Given records.
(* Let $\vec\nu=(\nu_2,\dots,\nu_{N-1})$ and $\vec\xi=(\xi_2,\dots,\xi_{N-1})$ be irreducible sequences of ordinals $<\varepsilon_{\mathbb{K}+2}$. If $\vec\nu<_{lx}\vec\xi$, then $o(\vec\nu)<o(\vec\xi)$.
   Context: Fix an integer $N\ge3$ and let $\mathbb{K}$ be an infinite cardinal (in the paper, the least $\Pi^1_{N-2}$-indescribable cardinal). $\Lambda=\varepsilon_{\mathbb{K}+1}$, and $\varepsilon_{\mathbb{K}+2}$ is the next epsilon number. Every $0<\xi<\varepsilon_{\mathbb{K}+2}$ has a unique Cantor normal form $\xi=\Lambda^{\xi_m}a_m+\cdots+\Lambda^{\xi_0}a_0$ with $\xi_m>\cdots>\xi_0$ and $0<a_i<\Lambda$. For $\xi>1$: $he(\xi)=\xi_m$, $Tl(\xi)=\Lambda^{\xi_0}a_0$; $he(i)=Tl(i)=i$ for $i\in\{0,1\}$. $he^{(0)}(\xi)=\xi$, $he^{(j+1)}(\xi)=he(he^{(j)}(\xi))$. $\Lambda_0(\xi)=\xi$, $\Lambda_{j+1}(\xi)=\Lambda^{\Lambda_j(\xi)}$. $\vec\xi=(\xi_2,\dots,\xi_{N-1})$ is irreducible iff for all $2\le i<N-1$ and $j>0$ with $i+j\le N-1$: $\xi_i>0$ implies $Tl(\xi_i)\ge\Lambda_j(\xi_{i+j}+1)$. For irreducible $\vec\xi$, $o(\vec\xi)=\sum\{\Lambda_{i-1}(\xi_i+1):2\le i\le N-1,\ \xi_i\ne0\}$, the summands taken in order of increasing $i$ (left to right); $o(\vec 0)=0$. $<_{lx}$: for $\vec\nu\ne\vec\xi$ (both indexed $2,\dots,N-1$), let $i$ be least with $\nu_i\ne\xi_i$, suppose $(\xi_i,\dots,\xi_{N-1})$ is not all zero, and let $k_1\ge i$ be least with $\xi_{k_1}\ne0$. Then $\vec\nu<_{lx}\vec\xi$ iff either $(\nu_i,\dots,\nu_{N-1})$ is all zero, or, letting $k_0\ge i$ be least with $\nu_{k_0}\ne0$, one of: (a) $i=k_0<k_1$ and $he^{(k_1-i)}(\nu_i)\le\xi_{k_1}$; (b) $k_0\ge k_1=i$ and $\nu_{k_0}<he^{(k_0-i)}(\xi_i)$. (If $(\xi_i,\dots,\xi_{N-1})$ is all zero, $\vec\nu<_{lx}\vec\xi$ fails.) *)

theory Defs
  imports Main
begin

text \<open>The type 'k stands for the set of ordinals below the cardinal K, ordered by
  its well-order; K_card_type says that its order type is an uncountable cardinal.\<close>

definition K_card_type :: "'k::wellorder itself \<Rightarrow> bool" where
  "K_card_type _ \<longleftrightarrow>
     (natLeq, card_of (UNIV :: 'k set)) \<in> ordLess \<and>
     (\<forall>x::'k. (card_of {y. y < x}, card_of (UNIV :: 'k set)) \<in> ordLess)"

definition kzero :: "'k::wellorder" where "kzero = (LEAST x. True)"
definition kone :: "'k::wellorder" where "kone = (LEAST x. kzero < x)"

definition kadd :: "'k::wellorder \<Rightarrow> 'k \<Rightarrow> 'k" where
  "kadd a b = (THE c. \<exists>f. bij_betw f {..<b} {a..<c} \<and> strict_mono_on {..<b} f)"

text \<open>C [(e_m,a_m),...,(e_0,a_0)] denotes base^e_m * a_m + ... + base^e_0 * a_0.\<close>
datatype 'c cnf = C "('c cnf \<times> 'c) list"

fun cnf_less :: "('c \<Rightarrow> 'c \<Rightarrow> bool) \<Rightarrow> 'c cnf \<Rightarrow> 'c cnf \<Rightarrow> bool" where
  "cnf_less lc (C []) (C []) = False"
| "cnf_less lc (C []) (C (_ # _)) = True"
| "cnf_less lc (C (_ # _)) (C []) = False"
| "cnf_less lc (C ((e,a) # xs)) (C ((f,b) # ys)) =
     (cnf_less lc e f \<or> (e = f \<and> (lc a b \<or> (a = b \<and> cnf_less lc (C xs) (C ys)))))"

Exercise aim. Repeat the material above exactly.

Task response.
(* Let $\vec\nu=(\nu_2,\dots,\nu_{N-1})$ and $\vec\xi=(\xi_2,\dots,\xi_{N-1})$ be irreducible sequences of ordinals $<\varepsilon_{\mathbb{K}+2}$. If $\vec\nu<_{lx}\vec\xi$, then $o(\vec\nu)<o(\vec\xi)$.
   Context: Fix an integer $N\ge3$ and let $\mathbb{K}$ be an infinite cardinal (in the paper, the least $\Pi^1_{N-2}$-indescribable cardinal). $\Lambda=\varepsilon_{\mathbb{K}+1}$, and $\varepsilon_{\mathbb{K}+2}$ is the next epsilon number. Every $0<\xi<\varepsilon_{\mathbb{K}+2}$ has a unique Cantor normal form $\xi=\Lambda^{\xi_m}a_m+\cdots+\Lambda^{\xi_0}a_0$ with $\xi_m>\cdots>\xi_0$ and $0<a_i<\Lambda$. For $\xi>1$: $he(\xi)=\xi_m$, $Tl(\xi)=\Lambda^{\xi_0}a_0$; $he(i)=Tl(i)=i$ for $i\in\{0,1\}$. $he^{(0)}(\xi)=\xi$, $he^{(j+1)}(\xi)=he(he^{(j)}(\xi))$. $\Lambda_0(\xi)=\xi$, $\Lambda_{j+1}(\xi)=\Lambda^{\Lambda_j(\xi)}$. $\vec\xi=(\xi_2,\dots,\xi_{N-1})$ is irreducible iff for all $2\le i<N-1$ and $j>0$ with $i+j\le N-1$: $\xi_i>0$ implies $Tl(\xi_i)\ge\Lambda_j(\xi_{i+j}+1)$. For irreducible $\vec\xi$, $o(\vec\xi)=\sum\{\Lambda_{i-1}(\xi_i+1):2\le i\le N-1,\ \xi_i\ne0\}$, the summands taken in order of increasing $i$ (left to right); $o(\vec 0)=0$. $<_{lx}$: for $\vec\nu\ne\vec\xi$ (both indexed $2,\dots,N-1$), let $i$ be least with $\nu_i\ne\xi_i$, suppose $(\xi_i,\dots,\xi_{N-1})$ is not all zero, and let $k_1\ge i$ be least with $\xi_{k_1}\ne0$. Then $\vec\nu<_{lx}\vec\xi$ iff either $(\nu_i,\dots,\nu_{N-1})$ is all zero, or, letting $k_0\ge i$ be least with $\nu_{k_0}\ne0$, one of: (a) $i=k_0<k_1$ and $he^{(k_1-i)}(\nu_i)\le\xi_{k_1}$; (b) $k_0\ge k_1=i$ and $\nu_{k_0}<he^{(k_0-i)}(\xi_i)$. (If $(\xi_i,\dots,\xi_{N-1})$ is all zero, $\vec\nu<_{lx}\vec\xi$ fails.) *)

theory Defs
  imports Main
begin

text \<open>The type 'k stands for the set of ordinals below the cardinal K, ordered by
  its well-order; K_card_type says that its order type is an uncountable cardinal.\<close>

definition K_card_type :: "'k::wellorder itself \<Rightarrow> bool" where
  "K_card_type _ \<longleftrightarrow>
     (natLeq, card_of (UNIV :: 'k set)) \<in> ordLess \<and>
     (\<forall>x::'k. (card_of {y. y < x}, card_of (UNIV :: 'k set)) \<in> ordLess)"

definition kzero :: "'k::wellorder" where "kzero = (LEAST x. True)"
definition kone :: "'k::wellorder" where "kone = (LEAST x. kzero < x)"

definition kadd :: "'k::wellorder \<Rightarrow> 'k \<Rightarrow> 'k" where
  "kadd a b = (THE c. \<exists>f. bij_betw f {..<b} {a..<c} \<and> strict_mono_on {..<b} f)"

text \<open>C [(e_m,a_m),...,(e_0,a_0)] denotes base^e_m * a_m + ... + base^e_0 * a_0.\<close>
datatype 'c cnf = C "('c cnf \<times> 'c) list"

fun cnf_less :: "('c \<Rightarrow> 'c \<Rightarrow> bool) \<Rightarrow> 'c cnf \<Rightarrow> 'c cnf \<Rightarrow> bool" where
  "cnf_less lc (C []) (C []) = False"
| "cnf_less lc (C []) (C (_ # _)) = True"
| "cnf_less lc (C (_ # _)) (C []) = False"
| "cnf_less lc (C ((e,a) # xs)) (C ((f,b) # ys)) =
     (cnf_less lc e f \<or> (e = f \<and> (lc a b \<or> (a = b \<and> cnf_less lc (C xs) (C ys)))))"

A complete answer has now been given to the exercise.